3 Questions to Ask Before Investing in Your Company’s 401k or 403b
I’ll be honest. I’ve been a little afraid to start this blog and even more afraid to write about real world problems and how we can fix our own little financial worlds in the midst of all this chaos. I’m going to do my best to share my thoughts and let the chips fall where they may.
One topic I’ve researched a lot over the years, watched documentaries on, but personally do not fund are 401k retirement plans. We do have a pension system (while in disarray) that we are paying into and we fund Roth IRAs. We have the option to fund 403b accounts, but at this time we’re investing that money in paying off our mortgage.
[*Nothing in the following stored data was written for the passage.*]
text \<open>
  For \<open>\<beta> = \<pi>/4\<close> every \<open>X\<^sub>a\<^sub>b\<close> is the infinitesimal rotation about a unit axis, so Rodrigues'
  formula gives \<open>e\<^sup>v\<^sup>X = I + sin v X + (1 - cos v) X\<^sup>2\<close>. At \<open>s = 0\<close> and at \<open>s = s\<^sub>m\<^sub>a\<^sub>x\<close> the
  duration \<open>v(s)\<close> equals \<open>s\<^sub>m\<^sub>a\<^sub>x\<close>, whose sine and cosine are rational in \<open>cos \<alpha>\<close> and \<open>sin \<alpha>\<close>.
  The product of the four exponentials then becomes a polynomial identity in \<open>cos \<alpha>\<close> and
  \<open>sin \<alpha>\<close>, which matches the quadruple angle formulas for \<open>\<theta>(\<alpha>)\<close>, where
  \<open>sin \<theta> = -2\<surd>2 sin \<alpha> cos \<alpha> / (1 + cos\<^sup>2 \<alpha>)\<close> and \<open>cos \<theta> = (3 cos\<^sup>2 \<alpha> - 1) / (1 + cos\<^sup>2 \<alpha>)\<close>.
\<close>

definition mat3 :: "real \<Rightarrow> real \<Rightarrow> real \<Rightarrow> real \<Rightarrow> real \<Rightarrow> real \<Rightarrow> real \<Rightarrow> real \<Rightarrow> real \<Rightarrow> real^3^3"
  where "mat3 a b c d e f g h i = vector [vector [a, b, c], vector [d, e, f], vector [g, h, i]]"

lemma mat3_mult:
  "mat3 a1 b1 c1 d1 e1 f1 g1 h1 i1 ** mat3 a2 b2 c2 d2 e2 f2 g2 h2 i2 =
   mat3 (a1*a2 + b1*d2 + c1*g2) (a1*b2 + b1*e2 + c1*h2) (a1*c2 + b1*f2 + c1*i2)
        (d1*a2 + e1*d2 + f1*g2) (d1*b2 + e1*e2 + f1*h2) (d1*c2 + e1*f2 + f1*i2)
        (g1*a2 + h1*d2 + i1*g2) (g1*b2 + h1*e2 + i1*h2) (g1*c2 + h1*f2 + i1*i2)"
  by (simp add: mat3_def matrix_matrix_mult_def vec_eq_iff forall_3 sum_3)

lemma mat3_add:
  "mat3 a1 b1 c1 d1 e1 f1 g1 h1 i1 + mat3 a2 b2 c2 d2 e2 f2 g2 h2 i2 =
   mat3 (a1+a2) (b1+b2) (c1+c2) (d1+d2) (e1+e2) (f1+f2) (g1+g2) (h1+h2) (i1+i2)"
  by (simp add: mat3_def vec_eq_iff forall_3)

lemma mat3_scaleR:
  "r *\<^sub>R mat3 a b c d e f g h i = mat3 (r*a) (r*b) (r*c) (r*d) (r*e) (r*f) (r*g) (r*h) (r*i)"
  by (simp add: mat3_def vec_eq_iff forall_3)

lemma mat3_eq_iff:
  "mat3 a1 b1 c1 d1 e1 f1 g1 h1 i1 = mat3 a2 b2 c2 d2 e2 f2 g2 h2 i2 \<longleftrightarrow>
   a1 = a2 \<and> b1 = b2 \<and> c1 = c2 \<and> d1 = d2 \<and> e1 = e2 \<and> f1 = f2 \<and> g1 = g2 \<and> h1 = h2 \<and> i1 = i2"
  by (simp add: mat3_def vec_eq_iff forall_3)

lemma mat_1_eq_mat3: "(mat 1 :: real^3^3) = mat3 1 0 0 0 1 0 0 0 1"
  by (simp add: mat3_def vec_eq_iff forall_3 mat_def)

lemma matpow_scaleR: "matpow (v *\<^sub>R K) n = (v ^ n) *\<^sub>R matpow K n"
  by (induction n) (simp_all add: matrix_scalar_ac scalar_matrix_assoc[symmetric])

lemma matpow_of_cube_eq_neg:
  fixes K :: "real^'n^'n"
  assumes "K ** (K ** K) = - K"
  shows "matpow K (2*m + 1) = (-1)^m *\<^sub>R K \<and> matpow K (2*m + 2) = (-1)^m *\<^sub>R (K ** K)"
proof (induction m)
  case 0
  then show ?case by simp
next
  case (Suc m)
  then have even: "matpow K (2*m + 2) = (-1)^m *\<^sub>R (K ** K)" by blast
  have odd': "matpow K (2 * Suc m + 1) = (-1) ^ Suc m *\<^sub>R K"
  proof -
    have "matpow K (2 * Suc m + 1) = K ** matpow K (2*m + 2)"
      by (simp flip: matpow.simps)
    also have "\<dots> = (-1)^m *\<^sub>R (K ** (K ** K))"
      by (simp only: even matrix_scalar_ac scalar_matrix_assoc[symmetric])
    finally show ?thesis using assms by simp
  qed
  have "matpow K (2 * Suc m + 2) = K ** matpow K (2 * Suc m + 1)"
    by (simp flip: matpow.simps)
  also have "\<dots> = (-1) ^ Suc m *\<^sub>R (K ** K)"
    by (simp only: odd' matrix_scalar_ac scalar_matrix_assoc[symmetric])
  finally show ?case using odd' by blast
qed

lemma exp_series_term_of_cube_eq_neg:
  fixes K :: "real^'n^'n"
  assumes "K ** (K ** K) = - K"
  shows "(1 / fact n) *\<^sub>R matpow (v *\<^sub>R K) n =
    (if n = 0 then mat 1 + K ** K else 0)
    + (sin_coeff n * v ^ n) *\<^sub>R K - (cos_coeff n * v ^ n) *\<^sub>R (K ** K)"
proof -
  have series_term: "(1 / fact n) *\<^sub>R matpow (v *\<^sub>R K) n = (v ^ n / fact n) *\<^sub>R matpow K n"
    by (simp add: matpow_scaleR)
  have "n = 0 \<or> (\<exists>m. n = 2*m + 1) \<or> (\<exists>m. n = 2*m + 2)" by presburger
  then consider "n = 0" | m where "n = 2*m + 1" | m where "n = 2*m + 2" by blast
  then show ?thesis
  proof cases
    case 1
    then show ?thesis by (simp add: cos_coeff_def sin_coeff_def)
  next
    case (2 m)
    then have "sin_coeff n = (-1)^m / fact n" "cos_coeff n = 0" "n \<noteq> 0"
      by (simp_all add: sin_coeff_def cos_coeff_def)
    moreover have "matpow K n = (-1)^m *\<^sub>R K"
      using matpow_of_cube_eq_neg[OF assms, of m] 2 by blast
    ultimately show ?thesis
      by (simp add: series_term scaleR_scaleR)
  next
    case (3 m)
    then have "cos_coeff n = - ((-1)^m / fact n)" "sin_coeff n = 0" "n \<noteq> 0"
      by (simp_all add: sin_coeff_def cos_coeff_def)
    moreover have "matpow K n = (-1)^m *\<^sub>R (K ** K)"
      using matpow_of_cube_eq_neg[OF assms, of m] 3 by blast
    ultimately show ?thesis
      by (simp add: series_term scaleR_scaleR)
  qed
qed

lemma mexp_of_cube_eq_neg:
  fixes K :: "real^'n^'n"
  assumes "K ** (K ** K) = - K"
  shows "mexp (v *\<^sub>R K) = mat 1 + sin v *\<^sub>R K + (1 - cos v) *\<^sub>R (K ** K)"
proof -
  have "(\<lambda>n. (if n = 0 then mat 1 + K ** K else 0)) sums (mat 1 + K ** K)"
    using sums_single[of 0 "\<lambda>_. mat 1 + K ** K"] by simp
  moreover have "(\<lambda>n. (sin_coeff n * v ^ n) *\<^sub>R K) sums (sin v *\<^sub>R K)"
    using sums_scaleR_left[OF sin_converges[of v]] by simp
  moreover have "(\<lambda>n. (cos_coeff n * v ^ n) *\<^sub>R (K ** K)) sums (cos v *\<^sub>R (K ** K))"
    using sums_scaleR_left[OF cos_converges[of v]] by simp
  ultimately have "(\<lambda>n. (1 / fact n) *\<^sub>R matpow (v *\<^sub>R K) n) sums
      ((mat 1 + K ** K) + sin v *\<^sub>R K - cos v *\<^sub>R (K ** K))"
    unfolding exp_series_term_of_cube_eq_neg[OF assms] by (intro sums_add sums_diff)
  then show ?thesis
    unfolding mexp_def by (simp add: sums_unique[symmetric] algebra_simps)
qed

definition hat :: "real \<Rightarrow> real \<Rightarrow> real \<Rightarrow> real^3^3"
  where "hat x y z = mat3 0 (-z) y z 0 (-x) (-y) x 0"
If you want a true picture of the 401k (or 403b), read Why Your 401k Is A Scam! by James Altucher. So far, that’s probably the best piece of writing I’ve found that explains it straight forward.
I know not everyone will agree with me, but that’s okay. That’s why personal finance is personal. As long as you’re comfortable with what you’re doing, then don’t listen to anyone else.
One of the biggest things I’ve said to others who talk to me about personal finance is to ask questions. Lots of questions. If someone is coming to meet you in your work lunchroom to manage your retirement, you’re paying them. This isn’t a free meeting. They are getting paid in fees and bonuses for all the money they are bringing into their company. Don’t be fooled.
3 Questions You Should Ask First
Are you a fiduciary?
This is someone who has to act in your best interest. Ask this question and I can almost guarantee that they will stumble in their response and in no way say “Yes, yes I am” in a confident manner. At this point, run the other way.
What are your front load, back end, 12b-1, management, processing, exchange, etc… fees?
You want to know what all of this investing is going to cost you. There is a fee to put the money in, a yearly fee to manage, many more fees, and guess what – another fee to take your money out. Here’s a quick list of mutual fund fees.
What’s the expense ratio?
Expense ratios are the annual percentage that is taken from the fund to cover costs. This is paid from your account and you want it to be as close to 0% as possible.
If you don’t know what any of these terms are, go to your local library and borrow a book on investing, personal finance, or anything in the 332 section of Non-Fiction.
Your money might be going in tax free, but it’ll come out taxed and possibly at a higher rate. In addition, this money could be written off in another manner for tax purposes especially at a younger age when you have interest write-offs and dependents.
If you have an option for a Roth 401k, that’s a different story; but ask these same questions.
We currently invest our Roth IRAs in index funds with Vanguard. We don’t have time to play the stock market, nor will I ever claim to know the best stocks to pick. It’s worth being said too it’s currently being proven that index funds out do any actively managed hedge fund by a wide margin, thanks to Warren Buffett. And so far, our index funds have had low expense ratios and despite the stock market dips continue to perform well.